SONUÇ : Alacaklının temyiz itirazlarının kısmen kabulü ile mahkeme kararının yukarıda yazılı nedenlerle İ.İ.K. 366 ve H.U.M.K.’nun 428. maddeleri uyarınca (BOZULMASINA)

Görevli Mahkeme
İcra memuru muamelesi şikayeti için başvurulması gereken mahkeme işlemin yapıldığı yer icra mahkemesidir. Bu mahkemenin kesin yetkiyle yetkilendirilmiştir.

Yargıtay 12. Hukuk Dairesi 29.03.2021 T., 2021/2581 E. , 2021/3664 K

“Somut olayda, davacı borçlu şirket yetkilisi tarafından 15.01.2019 tarihinde icra dosyasından fotokopi talebinde bulunulduğu, bu tarih itibarıyla şikayetçinin haciz işleminden haberdar olduğunun kabulü gerektiği, bu durumda 07.02.2019 tarihinde yapılan şikayet başvurusu yasal yedi günlük süreden sonra olduğundan, mahkemece şikayetin süre aşımı nedeniyle reddine karar verilmesi gerekirken, işin esasının incelenerek kabulü yönünde hüküm tesisi ve alacaklının süre tutum ile istinaf başvurusunun Bölge Adliye Mahkemesince esastan reddedilmesi isabetsiz olup, Bölge Adliye Mahkemesi kararının kaldırılması ile İlk Derece Mahkemesi kararının bozulması gerekmiştir”

Yargıtay Hukuk Genel Kurulu 16.03.2021 T., 2017/360 E. 2021/264 K.

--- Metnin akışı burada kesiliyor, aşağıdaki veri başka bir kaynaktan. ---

(* Let $(X,d,m)$ be $D$-Ahlfors regular, fix $o\in X$ and set $d(x)=1+d(o,x)$. For every $a\in(0,1]$ there exists $C_a\in(0,\infty)$ such that, for every $t\in(0,1/2]$ and every nonnegative $g\in L^1_{\mathrm{loc}}(X)$, there is a finite collection $\{x_j\}_j$ of points of $X$ such that: $t\,d(x_j)\le1$ for all $j$; $\sum_j\mathbf 1_{B(x_j,td(x_j))}(x)\le C_a$ for all $x\in X$; $\sum_j\mathbf 1_{B(x_j,atd(x_j))}(x)\ge1$ whenever $t\,d(x)\le1/2$; and $g(x_j)\le C_a\,m(B(x_j,td(x_j)))^{-1}\int_{B(x_j,td(x_j))}g\,dm$ for all $j$.
   Context: $(X,d,m)$ is $D$-Ahlfors regular ($D>0$) if there is $A\ge1$ with $A^{-1}r^D\le m(B(x,r))\le Ar^D$ for all $x\in X$, $r\ge0$, where $B(x,r)$ is the metric ball. *)

theory Defs
  imports "HOL-Analysis.Analysis"
begin

text \<open>A metric measure space is modelled by a type of class metric_space together
with a measure m on its Borel sets with space m = UNIV.\<close>

definition ahlfors_regular :: "'a::metric_space measure \<Rightarrow> real \<Rightarrow> bool" where
  "ahlfors_regular m D \<longleftrightarrow>
     (\<exists>A::real. A \<ge> 1 \<and> (\<forall>x r. r \<ge> 0 \<longrightarrow>
        ennreal ((1 / A) * r powr D) \<le> emeasure m (ball x r) \<and>
        emeasure m (ball x r) \<le> ennreal (A * r powr D)))"

definition loc_integrable :: "'a::metric_space measure \<Rightarrow> ('a \<Rightarrow> real) \<Rightarrow> bool" where
  "loc_integrable m g \<longleftrightarrow> g \<in> borel_measurable m \<and>
     (\<forall>x r. set_integrable m (ball x r) g)"

end

theory Submission
  imports Defs
begin

text \<open>Let \<open>d x = 1 + dist x0 x\<close> and \<open>\<rho> x = a t d(x) / 4\<close>. By Ahlfors regularity a
  ball of radius \<open>R\<close> contains at most \<open>A\<^sup>2 ((R + r) / r)\<^sup>D\<close> points at mutual distance
  \<open>\<ge> 2r\<close>. Hence the \<open>\<rho>\<close>-separated subsets of \<open>{t d \<le> 1/2}\<close> have bounded size, and one of
  maximal size is a net: the balls \<open>B(z, \<rho> z)\<close> cover \<open>{t d \<le> 1/2}\<close>. In each such ball
  pick a point \<open>x_z\<close> where \<open>g\<close> is at most its mean over the ball. Since \<open>d\<close> is 1-Lipschitz,
  \<open>d(x_z)\<close> and \<open>d(z)\<close> agree up to a factor \<open>9/8\<close>; thus the balls \<open>B(x_z, a t d(x_z))\<close>
  still cover, the mean over \<open>B(z, \<rho> z)\<close> is controlled by the mean over the comparable ball
  \<open>B(x_z, t d(x_z))\<close>, and the centres \<open>z\<close> whose balls \<open>B(x_z, t d(x_z))\<close> contain a given
  \<open>x\<close> form a separated set inside a ball of radius \<open>\<approx> t d(x)\<close>, so the packing bound
  limits the overlap.\<close>

lemma sum_indicator_eq_card_filter:
  assumes "finite S"
  shows "(\<Sum>j\<in>S. indicator (B j) x) = real (card {j\<in>S. x \<in> B j})"
  using assms by (simp add: indicator_def Int_def flip: sum.inter_filter)

lemma set_integral_mono_set_nonneg:
  fixes g :: "'a \<Rightarrow> real"
  assumes "set_integrable M B g" "set_integrable M B' g" "B' \<subseteq> B" "\<And>x. x \<in> B \<Longrightarrow> 0 \<le> g x"
  shows "(LINT y:B'|M. g y) \<le> (LINT y:B|M. g y)"
  using assms unfolding set_lebesgue_integral_def set_integrable_def
  by (intro integral_mono) (auto simp: indicator_def)

lemma ex_le_set_average:
  fixes g :: "'a \<Rightarrow> real"
  assumes g: "set_integrable M B g" and B: "B \<in> sets M" "emeasure M B \<noteq> \<infinity>"
    and pos: "0 < measure M B"
  shows "\<exists>y\<in>B. g y * measure M B \<le> (LINT y:B|M. g y)"
proof (rule ccontr)
  define c where "c = (LINT y:B|M. g y) / measure M B"
  assume "\<not> ?thesis"
  then have above: "c < g y" if "y \<in> B" for y
    using that pos by (auto simp: c_def divide_less_eq not_le)
  have const: "set_integrable M B (\<lambda>_. c)"
    using B by (simp add: set_integrable_def less_top)
  have diff: "set_integrable M B (\<lambda>y. g y - c)"
    using g const by (rule set_integral_diff(1))
  have "(LINT y:B|M. g y - c) = (LINT y:B|M. g y) - measure M B * c"
    using g const B by (simp add: set_integral_diff set_integral_const)
  also have "\<dots> = 0"
    using pos by (simp add: c_def)
  finally have "AE y in M. indicator B y *\<^sub>R (g y - c) = 0"
    using diff above
    by (subst integral_nonneg_eq_0_iff_AE[symmetric])
       (auto simp: set_integrable_def set_lebesgue_integral_def indicator_def less_imp_le)
  then have "AE y in M. y \<notin> B"
    by eventually_elim (use above in \<open>fastforce simp: indicator_def\<close>)
  then have "B \<in> null_sets M"
    using B by (simp add: AE_iff_null_sets)
  then show False
    using pos by (simp add: null_sets_def measure_def)
qed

“İstanbul Anadolu 2. Asliye Ticaret Mahkemesinin 11.07.2014 tarihli ihtiyatî haciz kararı 14.07.2014 tarihinde infaz edilmiş olup, icra müdürü borçlu vekilinin talebi üzerine 14.07.2014 tarihli haczin hatalı olduğu düşüncesi ile önceki kararından dönerek 24.07.2014 tarihinde haczin fekkine karar vermiştir. Bu karar icra memurunun kendi kararından dönemeyeceği kuralına aykırı olduğu gibi, 02.07.2014 tarihli ihtiyatî tedbir kararı, ihtiyatî hacizleri kapsamadığı için ihtiyatî haczin infazında yasal engel olmadığından da isabetli değildir.